Relevance and novel information This is only the second report of a laryngeal cyst in the cat. While malignant laryngeal disease may be more prevalent in the cat, benign differentials should be considered as treatment could be curative, as was observed in this case.
Laryngeal cysts are rarely reported in both the veterinary and human literature but are an important consideration in the dyspneic cat. Only one prior case report of a laryngeal cyst in a cat was encountered during a literature search.1 Thyroglossal cysts are the most common congenital neck mass in humans, although laryngeal involvement remains rare.2 Overall occurrences of laryngeal disease in the cat are uncommon and previous studies report mainly neoplastic disease associated with laryngeal masses in cats.3 This report characterizes the clinical signs, imaging, surgical and histopathological findings of a cat with a suspected thyroglossal cyst.
A 7-year-old male neutered domestic shorthair cat was referred to the Foster Hospital for Small Animals at Tufts University for further investigation of a suspected laryngeal mass. The cat had been noted to be breathing more heavily and to have mild dyspnea at home for 3 months prior to referral. The cat appeared to improve initially but more acutely worsened 1 week prior to referral and was presented to the referring veterinarian. The owner of the cat had noticed increased respiratory noise while purring and dyspnea when using the stairs. The cat had been otherwise clinically well, with a normal appetite and no noted dysphagia. Hematology performed by the referring veterinary practice was within normal limits other than mild thrombocytopenia (192 ×109/µl; reference interval [RI] 200–500) and mild lymphopenia (0.9 ×109/l; RI 1.2–8.0). Serum biochemistry and total thyroxine (TT4) were also within normal limits, other than a mildly elevated cholesterol (6.9 mmol/l; RI 1.9–5.7). Radiographs of the thorax and neck were performed and reviewed by a board-certified veterinary radiologist, with the pertinent finding of a homogeneously soft tissue opaque structure within the larynx, caudal to the epiglottis, which exhibited rounded cranial and caudal margins (Figure 1). The cat was referred for additional diagnostics and treatment.
On presentation 5 days later, the cat was bright, alert and responsive. Physical examination revealed tachypnea with mild stridor on auscultation (respiratory rate 60 beats/min). There was no audible heart murmur. The patient was overconditioned, weighing 6.76 kg, with a body condition score of 6/9. There were no other pertinent findings. A venous blood gas analysis revealed no significant abnormalities, packed cell volume was 33% (RI 28–48%) and total solids were 76 g/l (RI 65–79 g/l).
Airway examination was performed the following day. Anesthesia was induced with propofol (Propoflo; Zoetis) intravenously (IV) to effect. On oral examination, on the left side lateral to the arytenoids, an apparently fluid-filled structure was noted, causing complete deviation of the arytenoids to the right and almost total occlusion of the larynx (Figure 2). A 2.0 mm endotracheal tube was passed initially, a rigid urinary catheter was used as a guidewire through this and a 3.5 mm endotracheal tube was then successfully placed and gaseous anesthesia commenced with isoflurane (Isoflurane, USP; Akorn). The neck was clipped in preparation for tracheostomy if needed. The neck was assessed using point-of-care ultrasound and a thin-walled, round, hypoechoic-to-anechoic structure was found within the region of the larynx (Figure 3). This was percutaneously aspirated under ultrasound guidance using a 20 G hypodermic needle and syringe, with approximately 3 ml clear, slightly viscous liquid obtained. The oral examination was repeated and the appearance was much improved. The previously noted mass-like structure was gone and the arytenoids were more centrally and appropriately located. There was some viscous, saliva-like material in the proximal trachea, which was removed with a sterile cotton bud. The oral cavity and laryngeal region then appeared normal.
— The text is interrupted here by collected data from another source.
lemma linear_graph_extend:
  assumes G: "linear_graph G" and x\<^sub>0: "x\<^sub>0 \<notin> fst ` G"
  shows "linear_graph {(y + scale t x\<^sub>0, a + t * c) | y a t. (y, a) \<in> G}"
    (is "linear_graph ?G'")
proof -
  note add = linear_graph_add[OF G] and scl = linear_graph_scale[OF G]
  note unique = linear_graph_extend_unique[OF G x\<^sub>0]
  show ?thesis
    unfolding linear_graph_def
  proof (intro conjI allI impI)
    obtain y a where "(y, a) \<in> G" using G unfolding linear_graph_def by auto
    then have "(y + scale 0 x\<^sub>0, a + 0 * c) \<in> ?G'" by blast
    then show "?G' \<noteq> {}" by blast
  next
    fix x a b assume "(x, a) \<in> ?G'" "(x, b) \<in> ?G'"
    then show "a = b" using unique by blast
  next
    fix x a y b assume "(x, a) \<in> ?G'" "(y, b) \<in> ?G'"
    then obtain x' a' s y' b' t where "(x', a') \<in> G" "(y', b') \<in> G"
      and "x = x' + scale s x\<^sub>0" "a = a' + s * c" "y = y' + scale t x\<^sub>0" "b = b' + t * c"
      by blast
    moreover from this have "((x' + y') + scale (s + t) x\<^sub>0, (a' + b') + (s + t) * c) \<in> ?G'"
      using add by blast
    ultimately show "(x + y, a + b) \<in> ?G'" by (simp add: algebra_simps)
  next
    fix x a and t :: real assume "(x, a) \<in> ?G'"
    then obtain x' a' s where "(x', a') \<in> G" "x = x' + scale s x\<^sub>0" "a = a' + s * c"
      by blast
    moreover from this have "(scale t x' + scale (t * s) x\<^sub>0, t * a' + (t * s) * c) \<in> ?G'"
      using scl by blast
    ultimately show "(scale t x, t * a) \<in> ?G'" by (simp add: algebra_simps)
  qed
qed

lemma maximal_dominated_graph_exists:
  assumes "linear_graph G\<^sub>0" "dominated_on E p G\<^sub>0"
  obtains G where "linear_graph G" "dominated_on E p G" "G\<^sub>0 \<subseteq> G"
    "\<And>H. linear_graph H \<Longrightarrow> dominated_on E p H \<Longrightarrow> G \<subseteq> H \<Longrightarrow> H = G"
proof -
  define A where "A = {G. linear_graph G \<and> dominated_on E p G \<and> G\<^sub>0 \<subseteq> G}"
  have "\<exists>G\<in>A. \<forall>H\<in>A. G \<subseteq> H \<longrightarrow> H = G"
  proof (rule subset_Zorn_nonempty)
    show "A \<noteq> {}" using assms unfolding A_def by blast
  next
    fix C assume "C \<noteq> {}" "subset.chain A C"
    then have "C \<subseteq> A" "\<And>G H. G \<in> C \<Longrightarrow> H \<in> C \<Longrightarrow> G \<subseteq> H \<or> H \<subseteq> G"
      unfolding subset.chain_def by blast+
    moreover from \<open>C \<subseteq> A\<close> have "\<And>G. G \<in> C \<Longrightarrow> linear_graph G" unfolding A_def by blast
    ultimately have "linear_graph (\<Union>C)" using \<open>C \<noteq> {}\<close> by (intro linear_graph_Union_chain)
    moreover have "dominated_on E p (\<Union>C)"
      using \<open>C \<subseteq> A\<close> unfolding A_def dominated_on_def by blast
    moreover have "G\<^sub>0 \<subseteq> \<Union>C"
      using \<open>C \<subseteq> A\<close> \<open>C \<noteq> {}\<close> unfolding A_def by blast
    ultimately show "\<Union>C \<in> A" unfolding A_def by simp
  qed
  then obtain G where "G \<in> A" and maximal: "\<And>H. H \<in> A \<Longrightarrow> G \<subseteq> H \<Longrightarrow> H = G" by blast
  show thesis
  proof (rule that)
    show "linear_graph G" "dominated_on E p G" "G\<^sub>0 \<subseteq> G" using \<open>G \<in> A\<close> unfolding A_def by simp_all
    fix H assume "linear_graph H" "dominated_on E p H" "G \<subseteq> H"
    with \<open>G\<^sub>0 \<subseteq> G\<close> have "H \<in> A" unfolding A_def by blast
    then show "H = G" using \<open>G \<subseteq> H\<close> by (rule maximal)
  qed
qed
lemma Greatest_argmin_in:
  fixes H :: "'a::linorder \<Rightarrow> 'b::linorder"
  assumes "finite A" "A \<noteq> {}"
  shows "(GREATEST z. z \<in> A \<and> H z = Min (H ` A)) \<in> A"
proof -
  let ?P = "\<lambda>z. z \<in> A \<and> H z = Min (H ` A)"
  have "Min (H ` A) \<in> H ` A"
    using assms by (intro Min_in) auto
  then obtain u where "?P u"
    by auto
  moreover have "finite {x. ?P x \<and> u \<le> x}"
    using assms(1) by (rule finite_subset[rotated]) blast
  ultimately have "?P (GREATEST z. ?P z)"
    by (rule GreatestI_finite)
  then show ?thesis
    by (rule conjunct1)
qed

lemma Ilow_in_Zg_less:
  assumes "\<theta> > 0"
  shows "Ilow \<theta> g b \<in> Zg \<theta> \<and> Ilow \<theta> g b < min (b - \<theta>) (Cmin g)"
proof -
  let ?P = "\<lambda>z. z \<in> Zg \<theta> \<and> z < min (b - \<theta>) (Cmin g)"
  obtain w where "?P w"
    using Zg_exists_less[OF assms] by blast
  then have "?P (GREATEST z. ?P z)"
    by (rule Zg_GreatestI[OF assms, where B = "min (b - \<theta>) (Cmin g)", rotated]) auto
  then show ?thesis
    unfolding Ilow_def .
qed

lemma SUg_in_Zg_ge_Cmin:
  assumes "\<theta> > 0" and "filterlim g at_top at_top"
  shows "SUg \<theta> g k \<in> Zg \<theta> \<and> Cmin g \<le> SUg \<theta> g k"
proof -
  let ?P = "\<lambda>z. z \<in> Zg \<theta> \<and> Cmin g \<le> z \<and> g (zg \<theta> (\<lceil>Cmin g / \<theta>\<rceil> - 1)) + k < g z"
  obtain b where b: "\<forall>x\<ge>b. g (zg \<theta> (\<lceil>Cmin g / \<theta>\<rceil> - 1)) + k < g x"
    using assms(2) unfolding filterlim_at_top_dense eventually_at_top_linorder by blast
  obtain w where "w \<in> Zg \<theta>" "max b (Cmin g) \<le> w"
    using Zg_exists_ge[OF assms(1)] by blast
  with b have "?P w"
    by auto
  then have "?P (LEAST z. ?P z)"
    by (rule Zg_LeastI[OF assms(1), where B = "Cmin g", rotated]) auto
  then show ?thesis
    unfolding SUg_def by blast
qed

lemma Ibar_le:
  assumes "\<theta> > 0" "0 \<le> k" "I \<in> Zg \<theta>" and "filterlim g at_top at_bot"
  shows "Ibar \<theta> g k I \<le> I"
proof -
  let ?P = "\<lambda>z. z \<in> Zg \<theta> \<and> z \<le> I \<and> g I + k < g z"
  obtain b where b: "\<forall>x\<le>b. g I + k < g x"
    using assms(4) unfolding filterlim_at_top_dense eventually_at_bot_linorder by blast
  obtain w where "w \<in> Zg \<theta>" "w \<le> min b I"
    using Zg_exists_le[OF assms(1)] by blast
  with b have "?P w"
    by auto
  then have P: "?P (GREATEST z. ?P z)"
    by (rule Zg_GreatestI[OF assms(1), where B = I, rotated]) auto
  with assms(2) have "(GREATEST z. ?P z) < I"
    by (cases "(GREATEST z. ?P z) = I") auto
  with P assms(1,3) have "(GREATEST z. ?P z) \<le> I - \<theta>"
    by (blast intro: Zg_less_imp_le_diff)
  then show ?thesis
    unfolding Ibar_def by simp
qed

lemma dp_step_s_in_Zg:
  assumes "\<theta> > 0" "0 \<le> K t"
    and "filterlim (C t) at_top at_top" "filterlim (C t) at_top at_bot"
  shows "fst (snd (snd (dp_step \<alpha> \<theta> K C F t (Hn, Sn, sn, Ibn)))) \<in> Zg \<theta>"
proof -
  define H where "H y = C t y + \<alpha> * (\<Sum>j. Vfun Hn Sn sn (K (Suc t)) (y - zg \<theta> (int j - 1))
      * fd \<theta> F t (int j - 1))" for y
  define I where "I = Ilow \<theta> (C t) Ibn"
  define Ib where "Ib = Ibar \<theta> (C t) (K t) I"
  define A where "A = {z \<in> Zg \<theta>. I \<le> z \<and> z \<le> SUg \<theta> (C t) (K t)}"
  define S where "S = (GREATEST z. z \<in> A \<and> H z = Min (H ` A))"
  have I: "I \<in> A"
    using Ilow_in_Zg_less[OF assms(1), of "C t" Ibn] SUg_in_Zg_ge_Cmin[OF assms(1,3), of "K t"]
    by (simp add: A_def I_def)
  have "finite A"
    by (rule finite_subset[OF _ finite_Zg_Int_atLeastAtMost[OF assms(1)]]) (auto simp: A_def)
  with I have "S \<in> A"
    unfolding S_def by (blast intro: Greatest_argmin_in)
  then have S: "S \<in> Zg \<theta>" "I \<le> S"
    by (simp_all add: A_def)
  have "Ib \<le> I"
    using Ibar_le[OF assms(1,2) _ assms(4)] I unfolding Ib_def A_def by blast
  with S have "Ib \<le> S"
    by linarith
  let ?P = "\<lambda>z. z \<in> Zg \<theta> \<and> Ib \<le> z \<and> z \<le> S \<and> H z \<le> H S + K t"
  have "?P (LEAST z. ?P z)"
    by (rule Zg_LeastI[OF assms(1), where B = Ib and w = S]) (use S \<open>Ib \<le> S\<close> assms(2) in auto)
  then have least: "(LEAST z. ?P z) \<in> Zg \<theta>"
    by (rule conjunct1)
  have eq: "fst (snd (snd (dp_step \<alpha> \<theta> K C F t (Hn, Sn, sn, Ibn)))) =
      (if K t = 0 then S else LEAST z. z \<in> Zg \<theta> \<and> Ib \<le> z \<and> z \<le> S \<and> H z \<le> H S + K t)"
    unfolding dp_step_def Let_def prod.case fst_conv snd_conv S_def A_def Ib_def I_def H_def
    by (rule refl)
  show ?thesis
    unfolding eq using S(1) least by simp
qed

text \<open>The last point s_{T-1} comes from sLast and need not lie on the grid.\<close>

lemma sf_in_Zg:
  assumes "\<theta> > 0" "t + 2 \<le> T" "0 \<le> K t"
    and "filterlim (C t) at_top at_top" "filterlim (C t) at_top at_bot"
  shows "sf T \<alpha> \<theta> K C F t \<in> Zg \<theta>"
proof -
  obtain Hn Sn sn Ibn where prev: "dp T \<alpha> \<theta> K C F (T - 2 - t) = (Hn, Sn, sn, Ibn)"
    by (metis prod.collapse)
  have k: "T - 1 - t = Suc (T - 2 - t)" "T - 2 - (T - 2 - t) = t"
    using assms(2) by auto
  have "sf T \<alpha> \<theta> K C F t = fst (snd (snd (dp_step \<alpha> \<theta> K C F t (Hn, Sn, sn, Ibn))))"
    unfolding sf_def k(1) dp.simps(2) k(2) prev ..
  with dp_step_s_in_Zg[where K = K and C = C and t = t, OF assms(1,3-5)] show ?thesis
    by simp
qed

definition phibar :: "nat \<Rightarrow> real \<Rightarrow> real \<Rightarrow> (nat \<Rightarrow> real) \<Rightarrow> (nat \<Rightarrow> real \<Rightarrow> real) \<Rightarrow> (nat \<Rightarrow> real)
    \<Rightarrow> nat \<Rightarrow> real \<Rightarrow> real \<Rightarrow> real" where
  "phibar T \<alpha> \<theta> \<gamma> F s t = snd (ub T \<alpha> \<theta> \<gamma> F s (T - 1 - t))"

lemma phibar_last: "phibar T \<alpha> \<theta> \<gamma> F s (T - 1) x y = (if y < s (T - 1) then 0 else \<gamma> (T - 1) * x)"
  by (simp add: phibar_def)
The cat was given 0.2 mg/kg butorphanol (Torbugesic; Zoetis) and 0.15 mg/kg dexamethasone sodium phosphate (Dexamethasone Sodium Phosphate Injection; Vedco) IV to aid recovery and extubated without issue. The patient recovered uneventfully and was discharged the following day. The fluid was submitted for cytological examination, which revealed basophilic mucinous material (consistent with inspissated saliva), mild granulomatous inflammation with evidence of chronic hemorrhage and mild squamous epithelial atypia, which was suspected to be associated with inflammation.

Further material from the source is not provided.